My General Lee is 33.5 roll'n 24's, a 48 spoke rear, and a mod Marz. fork. BTW the stem/bars/post are heavy as hell. (all steel) I could probably shave off a pound or so with better components.


----------



## Lickqid (Aug 9, 2005)

well, I just rode the park on halo SAS wheels (36 spoke compared to the FUNN 48 spokes I was running). Even that made a huge difference in the feel of the bike, I just love it more and more as it gets lighter and lighter.
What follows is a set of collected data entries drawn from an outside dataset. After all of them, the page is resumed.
lemma bilinear_form_nondegenerate_iff_bij_dual:
  fixes B :: "'k::field^'n \<Rightarrow> 'k^'n \<Rightarrow> 'k"
  assumes B: "bilinear_form B"
  shows "nondegenerate B \<longleftrightarrow> bij_betw B UNIV dual_space"
proof -
  have range: "range B \<subseteq> dual_space" and add: "\<And>x y. B (x + y) = dual_add (B x) (B y)"
    and scale: "\<And>c x. B (c *s x) = dual_scale c (B x)"
    using B by (auto simp: bilinear_form_iff_linear_to_dual)
  have inj_iff: "inj B \<longleftrightarrow> (\<forall>x. (\<forall>y. B x y = 0) \<longrightarrow> x = 0)"
  proof
    assume "inj B"
    moreover have "B 0 = (\<lambda>y. 0)"
      using scale[of 0 0] by (simp add: dual_scale_def)
    ultimately show "\<forall>x. (\<forall>y. B x y = 0) \<longrightarrow> x = 0"
      by (metis injD ext)
  next
    assume nondeg: "\<forall>x. (\<forall>y. B x y = 0) \<longrightarrow> x = 0"
    show "inj B"
    proof (rule injI)
      fix x y assume "B x = B y"
      then have "\<forall>z. B (x - y) z = 0"
        using add[of "x - y" y] by (simp add: dual_add_def fun_eq_iff)
      then show "x = y" using nondeg by auto
    qed
  qed
  have right_nondeg: "y = 0" if onto: "range B = dual_space" and orth: "\<forall>x. B x y = 0" for y
  proof -
    have "y $ i = 0" for i
    proof -
      have "(\<lambda>v::'k^'n. v $ i) \<in> dual_space" by (simp add: dual_space_def lin_functional_iff)
      then obtain x where "B x = (\<lambda>v. v $ i)" using onto by (metis rangeE)
      then show ?thesis using orth by metis
    qed
    then show ?thesis by (simp add: vec_eq_iff)
  qed
  have surj: "range B = dual_space" if "\<forall>x. (\<forall>y. B x y = 0) \<longrightarrow> x = 0"
  proof
    show "dual_space \<subseteq> range B"
      using bilinear_form_represents_functional[OF B] that by (auto simp: dual_space_def)
  qed (fact range)
  show ?thesis
    unfolding nondegenerate_def bij_betw_def using inj_iff surj right_nondeg by blast
qed

lemma invariant_form_iff_RLstar:
  "invariant_form m B \<longleftrightarrow> (\<forall>x y. B (m x y) = RLstar m x (B y))"
  unfolding invariant_form_def RLstar_def Rstar_def Lstar_def fun_eq_iff by blast
lemma realization_less:
  fixes y :: "nat \<Rightarrow> real"
  assumes inj: "inj_on y {..<length f}" and con: "order_consistent f y"
    and ij: "i < length f" "j < length f" and less: "y i < y j"
  shows "realization f y i < realization f y j"
proof (cases "f ! i"; cases "f ! j")
  assume none: "f ! i = None" "f ! j = None"
  define below where "below k = {int a |a. \<exists>l < length f. f ! l = Some a \<and> y l < y k}" for k
  define frac where "frac k = real (red (length f) y ! k) / real (length f + 1)" for k
  have r: "realization f y k = of_int (Max (insert (-1) (below k))) + frac k" if "f ! k = None" for k
    using that unfolding realization_def below_def frac_def by simp
  have "below i \<subseteq> below j"
    unfolding below_def using less by (blast intro: less_trans)
  then have "Max (insert (-1) (below i)) \<le> Max (insert (-1) (below j))"
    by (intro Max_mono insert_mono) (simp_all add: below_def finite_letters_below)
  moreover have "frac i < frac j"
    using red_less_iff[OF inj ij] less by (simp add: frac_def divide_strict_right_mono)
  ultimately show ?thesis
    unfolding r[OF none(1)] r[OF none(2)] by (intro add_le_less_mono) simp_all
next
  fix b assume "f ! i = None" "f ! j = Some b"
  moreover from this have "realization f y j = real b"
    by (simp add: realization_def)
  ultimately show ?thesis
    using realization_None_bounds(2)[OF con ij(1) _ ij(2) _ less] by simp
next
  fix a assume "f ! i = Some a" "f ! j = None"
  moreover from this have "realization f y i = real a"
    by (simp add: realization_def)
  ultimately show ?thesis
    using realization_None_bounds(1)[OF con ij(2) _ ij(1) _ less] by simp
next
  fix a b assume "f ! i = Some a" "f ! j = Some b"
  moreover from this have "a < b"
    using con ij less unfolding order_consistent_def by blast
  ultimately show ?thesis
    by (simp add: realization_def)
qed
lemma L2cube_add:
  assumes x: "x \<in> L2cube" and y: "y \<in> L2cube"
  shows "(\<lambda>t. x t + y t) \<in> L2cube"
proof -
  have "integrable lebesgue (\<lambda>t. (x t + y t)^2)"
  proof (rule Bochner_Integration.integrable_bound)
    show "integrable lebesgue (\<lambda>t. 2 * (x t)^2 + 2 * (y t)^2)"
      using x y by (auto simp: L2cube_def)
    show "(\<lambda>t. (x t + y t)^2) \<in> borel_measurable lebesgue"
      using x y by (auto simp: L2cube_def)
    have "(x t + y t)^2 \<le> 2 * (x t)^2 + 2 * (y t)^2" for t
      using zero_le_power2[of "x t - y t"] by (simp add: power2_eq_square algebra_simps)
    then show "AE t in lebesgue. norm ((x t + y t)^2) \<le> norm (2 * (x t)^2 + 2 * (y t)^2)"
      by (intro AE_I2) simp
  qed
  moreover have "AE t in lebesgue. t \<notin> unit_cube \<longrightarrow> x t + y t = 0"
    using x y unfolding L2cube_def by auto
  ultimately show ?thesis
    using x y by (auto simp: L2cube_def)
qed

lemma Dplus_add: "x \<in> Dplus \<Longrightarrow> y \<in> Dplus \<Longrightarrow> (\<lambda>t. x t + y t) \<in> Dplus"
  unfolding Dplus_def by (auto intro: L2cube_add)

lemma power2_scaled_indicator: "(c * indicator C t)^2 = (c^2 * indicator C t :: real)"
  by (simp add: indicator_def)

lemma scaled_indicator_in_Dplus:
  assumes "0 \<le> a" "C \<in> lmeasurable" "C \<subseteq> unit_cube"
  shows "(\<lambda>t. a * indicator C t) \<in> Dplus"
proof -
  have "integrable lebesgue (\<lambda>t. (a * indicator C t)^2)"
    using assms(2) by (simp add: power2_scaled_indicator lmeasurable_iff_integrable)
  then show ?thesis
    using assms by (auto simp: Dplus_def L2cube_def fmeasurable_def indicator_def)
qed

lemma L2norm_scaled_indicator:
  assumes "C \<in> lmeasurable"
  shows "L2norm (\<lambda>t. c * indicator C t) = \<bar>c\<bar> * sqrt (measure lebesgue C)"
  using assms by (simp add: L2norm_def power2_scaled_indicator fmeasurable_def real_sqrt_mult
      lmeasurable_iff_integrable[symmetric])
By the end of next week a gold label series 2 should be on there, shaving a good 2 lbs at least off the mars DJ2. So we'll see


----------



## pavement_hurts (May 13, 2006)

35 lbs is fine for a dedicated park bike. riding around in the streets could be a pain in the ass though. for me, as long as the front end is light i'm good to go. on the plus side, if you stick with the weight you'll develop some manly forearms.


----------



## joshfromkent (Jun 21, 2006)

*my last lite bike*

before my xenia, which weighs 33lbs, i had a specialized p.3 that i built up that weighed a cool 24lbs. i don't know if you'd want to go really light like that, the bike was very flickable, but it was squirrely on the trails and at the park.i wound up have to put heavier wheels on it to make it ridable. 35lbs. isn't bad, but you can easily drop that bike down to 30.


----------



## gigatech (Jan 2, 2007)

mine weighs in at exactly 30 pounds, of course i welded the frame out of steel so thats the most of the weight. and each tire and rim weights 4 lbs, so ya.. whatever im not a weight weenie.


----------